• [WHAT YOU WILL DO] Only the lines from the beginning of the data below through the line containing "(\<Sum>e\<in>incident E v. - xlnx" belong in the response, each copied exactly.

BEGIN

(* For a finite graph $G=(V,E)$, the function $$S^B(\mathbf{x})=\frac12\sum_{v\in V}\Big\{\sum_{e\in\partial v}\big(-x_e\ln x_e+(1-x_e)\ln(1-x_e)\big)-2\Big(1-\sum_{e\in\partial v}x_e\Big)\ln\Big(1-\sum_{e\in\partial v}x_e\Big)\Big\}$$ (with $0\ln0=0$) is non-negative and concave on $FM(G)$.
   Context: $\partial v$ denotes the set of edges incident to $v$. $FM(G)=\{\mathbf{x}\in\mathbb{R}^E:x_e\ge0,\ \sum_{e\in\partial v}x_e\le1\ \forall v\in V\}$. *)

theory Defs
  imports Complex_Main
begin

definition finite_simple_graph :: "'a set \<Rightarrow> 'a set set \<Rightarrow> bool" where
  "finite_simple_graph V E \<longleftrightarrow> finite V \<and> (\<forall>e\<in>E. e \<subseteq> V \<and> card e = 2)"

definition incident :: "'a set set \<Rightarrow> 'a \<Rightarrow> 'a set set" where
  "incident E v = {e\<in>E. v \<in> e}"

text \<open>Fractional matching polytope FM(G), vectors in R^E represented as functions
  on edge sets that vanish outside E.\<close>
definition FM :: "'a set \<Rightarrow> 'a set set \<Rightarrow> ('a set \<Rightarrow> real) set" where
  "FM V E = {x. (\<forall>e. e \<notin> E \<longrightarrow> x e = 0) \<and> (\<forall>e\<in>E. x e \<ge> 0)
               \<and> (\<forall>v\<in>V. (\<Sum>e\<in>incident E v. x e) \<le> 1)}"

definition xlnx :: "real \<Rightarrow> real" where
  "xlnx t = (if t = 0 then 0 else t * ln t)"

definition SB :: "'a set \<Rightarrow> 'a set set \<Rightarrow> ('a set \<Rightarrow> real) \<Rightarrow> real" where
  "SB V E x = (1/2) * (\<Sum>v\<in>V.
      (\<Sum>e\<in>incident E v. - xlnx (x e) + xlnx (1 - x e))
      - 2 * xlnx (1 - (\<Sum>e\<in>incident E v. x e)))"

definition concave_fun_on :: "('b \<Rightarrow> real) set \<Rightarrow> (('b \<Rightarrow> real) \<Rightarrow> real) \<Rightarrow> bool" where
  "concave_fun_on S f \<longleftrightarrow> (\<forall>x\<in>S. \<forall>y\<in>S. \<forall>t::real. 0 \<le> t \<and> t \<le> 1 \<longrightarrow>
      f (\<lambda>e. t * x e + (1 - t) * y e) \<ge> t * f x + (1 - t) * f y)"

end

theory Submission
  imports Defs "HOL-Analysis.Analysis" "HOL-Real_Asymp.Real_Asymp"
begin

text \<open>
  \<open>S\<^sup>B\<close> is half a sum over vertices \<open>v\<close> of a term depending only on the values \<open>x\<^sub>e\<close> on the
  edges incident to \<open>v\<close>, and on \<open>FM(G)\<close> these values lie in the sub-simplex
  \<open>{x \<ge> 0, \<Sum>x \<le> 1}\<close>.  So it suffices to show that the vertex term is concave on the
  sub-simplex and vanishes at its vertices (the origin and the unit vectors); concavity then
  forces non-negativity.

  Concavity is checked on segments.  On an open segment the second derivative is
  \<open>-(\<Sum> c\<^sub>e\<^sup>2/w(u\<^sub>e) + 2(\<Sum>c)\<^sup>2/(1-\<Sum>u))\<close> with \<open>w(u) = u(1-u)/(1-2u)\<close>; this form is
  non-negative because at most one coordinate exceeds \<open>1/2\<close>, and its negative weight is
  dominated via Cauchy--Schwarz.  Continuity of \<open>t ln t\<close> at \<open>0\<close> extends concavity to
  closed segments.
\<close>

text \<open>The function \<open>t \<mapsto> t ln t\<close> (with \<open>0 ln 0 = 0\<close>) is continuous on \<open>[0,\<infinity>)\<close>;
  this is what lets concavity pass from open segments to closed ones.\<close>
lemma xlnx_continuous_on: "continuous_on {0..} xlnx"
proof -
  have "continuous (at x within {0..}) xlnx" if "0 \<le> x" for x
  proof (cases "x = 0")
    case True
    have "((\<lambda>t::real. t * ln t) \<longlongrightarrow> 0) (at_right 0)"
      by real_asymp
    then have "(xlnx \<longlongrightarrow> 0) (at_right 0)"
      by (rule Lim_transform_eventually)
        (auto simp: xlnx_def eventually_at_right_field intro: exI[of _ 1])
    then show ?thesis
      using True by (simp add: continuous_within at_within_Ici_at_right xlnx_def)
  next
    case False
    with that have "0 < x" by simp
    have "eventually (\<lambda>t. t * ln t = xlnx t) (nhds x)"
      using eventually_nhds_in_open[of "{0<..}" x] \<open>0 < x\<close>
      by (auto elim!: eventually_mono simp: xlnx_def)
    moreover have "isCont (\<lambda>t. t * ln t) x"
      using \<open>0 < x\<close> by (intro continuous_intros) auto
    ultimately show ?thesis
      by (simp add: isCont_cong continuous_at_imp_continuous_within)
  qed
  then show ?thesis by (simp add: continuous_on_eq_continuous_within)
qed

lemma xlnx_has_derivative:
  assumes "0 < t"
  shows "(xlnx has_real_derivative ln t + 1) (at t)"
proof (rule has_field_derivative_transform_within_open[where S = "{0<..}"])
  show "((\<lambda>t. t * ln t) has_real_derivative ln t + 1) (at t)"
    using assms by (auto intro!: derivative_eq_intros)
qed (use assms in \<open>auto simp: xlnx_def\<close>)

text \<open>Hence, along a segment, each
  argument of \<open>xlnx\<close> is either in the smooth region or constantly \<open>0\<close>.\<close>
lemma affine_pos_or_const:
  fixes a b s :: real
  assumes "0 \<le> a" "0 \<le> a + b" "0 < s" "s < 1"
  shows "0 < a + s * b \<or> (a = 0 \<and> b = 0)"
proof -
  have "a + s * b = (1 - s) * a + s * (a + b)" by (simp add: algebra_simps)
  moreover have "0 \<le> (1 - s) * a" "0 \<le> s * (a + b)" using assms by auto
  moreover have "0 < (1 - s) * a \<or> 0 < s * (a + b)" if "\<not> (a = 0 \<and> a + b = 0)"
    using assms that by (auto simp: less_le)
  ultimately show ?thesis by force
qed

lemma xlnx_affine_has_derivative:
  fixes a b s :: real
  assumes "0 < a + s * b \<or> (a = 0 \<and> b = 0)"
  shows "((\<lambda>s. xlnx (a + s * b)) has_real_derivative b * (ln (a + s * b) + 1)) (at s)"
  using assms
proof
  assume "0 < a + s * b"
  have "((\<lambda>s. a + s * b) has_real_derivative b) (at s)"
    by (auto intro!: derivative_eq_intros)
  from DERIV_chain'[OF this xlnx_has_derivative[OF \<open>0 < a + s * b\<close>]]
  show ?thesis by (simp add: mult.commute)
qed (simp add: xlnx_def)

lemma ln_affine_has_derivative:
  fixes a b s :: real
  assumes "0 < a + s * b \<or> (a = 0 \<and> b = 0)"
  shows "((\<lambda>s. b * (ln (a + s * b) + 1)) has_real_derivative b\<^sup>2 / (a + s * b)) (at s)"
  using assms
proof
  assume "0 < a + s * b"
  then show ?thesis by (auto intro!: derivative_eq_intros simp: field_simps power2_eq_square)
qed simp

lemma shrink_into_open_interval:
  fixes a b z \<epsilon> :: real
  assumes "a < b" "z \<in> {a..b}" "0 < \<epsilon>" "\<epsilon> \<le> 1"
  shows "(1 - \<epsilon>) * z + \<epsilon> * ((a + b) / 2) \<in> {a<..<b}"
proof -
  have "(1 - \<epsilon>) * a \<le> (1 - \<epsilon>) * z" "(1 - \<epsilon>) * z \<le> (1 - \<epsilon>) * b"
    using assms by (auto intro: mult_left_mono)
  moreover have "\<epsilon> * a < \<epsilon> * ((a + b) / 2)" "\<epsilon> * ((a + b) / 2) < \<epsilon> * b"
    using assms by (auto intro!: mult_strict_left_mono)
  moreover have "(1 - \<epsilon>) * a + \<epsilon> * a = a" "(1 - \<epsilon>) * b + \<epsilon> * b = b"
    by (simp_all add: algebra_simps)
  ultimately show ?thesis by auto
qed

text \<open>A function concave on an open interval and continuous on its closure is concave on the
  closure.  Needed because the second derivative of \<open>xlnx\<close> blows up at \<open>0\<close>.\<close>
lemma concave_on_closed_interval:
  fixes f :: "real \<Rightarrow> real" and a b :: real
  assumes "a < b" and conc: "concave_on {a<..<b} f" and cont: "continuous_on {a..b} f"
  shows "concave_on {a..b} f"
  unfolding concave_on_iff
proof (intro conjI ballI allI impI)
  fix x y \<mu> \<nu> :: real
  assume xy: "x \<in> {a..b}" "y \<in> {a..b}" and \<mu>\<nu>: "0 \<le> \<mu>" "0 \<le> \<nu>" "\<mu> + \<nu> = 1"
  then have \<nu>: "\<nu> = 1 - \<mu>" by simp
  text \<open>Shrink the segment towards the midpoint, use concavity inside, and let the shrinking
    factor tend to \<open>0\<close>.\<close>
  define g where "g z \<epsilon> = (1 - \<epsilon>) * z + \<epsilon> * ((a + b) / 2)" for z \<epsilon> :: real
  note inside = shrink_into_open_interval[OF \<open>a < b\<close>, folded g_def]
  have near: "eventually (\<lambda>\<epsilon>. 0 < \<epsilon> \<and> \<epsilon> \<le> 1) (at_right (0::real))"
    unfolding eventually_at_right_field by (auto intro!: exI[of _ 1])
  have lim: "((\<lambda>\<epsilon>. f (g z \<epsilon>)) \<longlongrightarrow> f z) (at_right 0)" if "z \<in> {a..b}" for z
  proof (rule continuous_on_tendsto_compose[OF cont _ that])
    have "((\<lambda>\<epsilon>. g z \<epsilon>) \<longlongrightarrow> g z 0) (at_right 0)"
      unfolding g_def by (intro tendsto_intros)
    then show "((\<lambda>\<epsilon>. g z \<epsilon>) \<longlongrightarrow> z) (at_right 0)" by (simp add: g_def)
    show "eventually (\<lambda>\<epsilon>. g z \<epsilon> \<in> {a..b}) (at_right 0)"
      using near
    proof eventually_elim
      case (elim \<epsilon>)
      with inside[OF that, of \<epsilon>] show ?case by auto
    qed
  qed
  have "eventually (\<lambda>\<epsilon>. \<mu> * f (g x \<epsilon>) + \<nu> * f (g y \<epsilon>) \<le> f (g (\<mu> * x + \<nu> * y) \<epsilon>)) (at_right 0)"
    using near
  proof eventually_elim
    case (elim \<epsilon>)
    have "g (\<mu> * x + \<nu> * y) \<epsilon> = (1 - \<nu>) * g x \<epsilon> + \<nu> * g y \<epsilon>"
      unfolding g_def \<nu> by (simp add: field_simps)
    moreover have "g x \<epsilon> \<in> {a<..<b}" "g y \<epsilon> \<in> {a<..<b}"
      using inside xy elim by auto
    ultimately show ?case
      using concave_onD[OF conc, of \<nu> "g x \<epsilon>" "g y \<epsilon>"] \<mu>\<nu> unfolding \<nu> by simp
  qed
  moreover have "((\<lambda>\<epsilon>. \<mu> * f (g x \<epsilon>) + \<nu> * f (g y \<epsilon>)) \<longlongrightarrow> \<mu> * f x + \<nu> * f y) (at_right 0)"
    using xy by (intro tendsto_add tendsto_mult_left lim)
  moreover have "\<mu> * x + \<nu> * y \<in> {a..b}"
    using convexD[OF convex_real_interval(5) xy \<mu>\<nu>] by simp
  ultimately show "\<mu> * f x + \<nu> * f y \<le> f (\<mu> *\<^sub>R x + \<nu> *\<^sub>R y)"
    using tendsto_le[OF trivial_limit_at_right_real lim] by simp
qed simp

text \<open>For \<open>0 < u < 1\<close> the single-edge term \<open>-u ln u + (1-u) ln(1-u)\<close> has second derivative
  \<open>1/(1-u) - 1/u = -1/hess_weight u\<close>.  The weight is non-negative for \<open>u \<le> 1/2\<close> and
  negative for \<open>u > 1/2\<close>; since the coordinates sum to at most \<open>1\<close>, at most one
  coordinate can be of the second kind.\<close>
definition hess_weight :: "real \<Rightarrow> real" where
  "hess_weight u = u * (1 - u) / (1 - 2 * u)"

END

• [RESPONSE TO THIS TASK]
(* For a finite graph $G=(V,E)$, the function $$S^B(\mathbf{x})=\frac12\sum_{v\in V}\Big\{\sum_{e\in\partial v}\big(-x_e\ln x_e+(1-x_e)\ln(1-x_e)\big)-2\Big(1-\sum_{e\in\partial v}x_e\Big)\ln\Big(1-\sum_{e\in\partial v}x_e\Big)\Big\}$$ (with $0\ln0=0$) is non-negative and concave on $FM(G)$.
   Context: $\partial v$ denotes the set of edges incident to $v$. $FM(G)=\{\mathbf{x}\in\mathbb{R}^E:x_e\ge0,\ \sum_{e\in\partial v}x_e\le1\ \forall v\in V\}$. *)

theory Defs
  imports Complex_Main
begin

definition finite_simple_graph :: "'a set \<Rightarrow> 'a set set \<Rightarrow> bool" where
  "finite_simple_graph V E \<longleftrightarrow> finite V \<and> (\<forall>e\<in>E. e \<subseteq> V \<and> card e = 2)"

definition incident :: "'a set set \<Rightarrow> 'a \<Rightarrow> 'a set set" where
  "incident E v = {e\<in>E. v \<in> e}"

text \<open>Fractional matching polytope FM(G), vectors in R^E represented as functions
  on edge sets that vanish outside E.\<close>
definition FM :: "'a set \<Rightarrow> 'a set set \<Rightarrow> ('a set \<Rightarrow> real) set" where
  "FM V E = {x. (\<forall>e. e \<notin> E \<longrightarrow> x e = 0) \<and> (\<forall>e\<in>E. x e \<ge> 0)
               \<and> (\<forall>v\<in>V. (\<Sum>e\<in>incident E v. x e) \<le> 1)}"

definition xlnx :: "real \<Rightarrow> real" where
  "xlnx t = (if t = 0 then 0 else t * ln t)"

definition SB :: "'a set \<Rightarrow> 'a set set \<Rightarrow> ('a set \<Rightarrow> real) \<Rightarrow> real" where
  "SB V E x = (1/2) * (\<Sum>v\<in>V.
      (\<Sum>e\<in>incident E v. - xlnx (x e) + xlnx (1 - x e))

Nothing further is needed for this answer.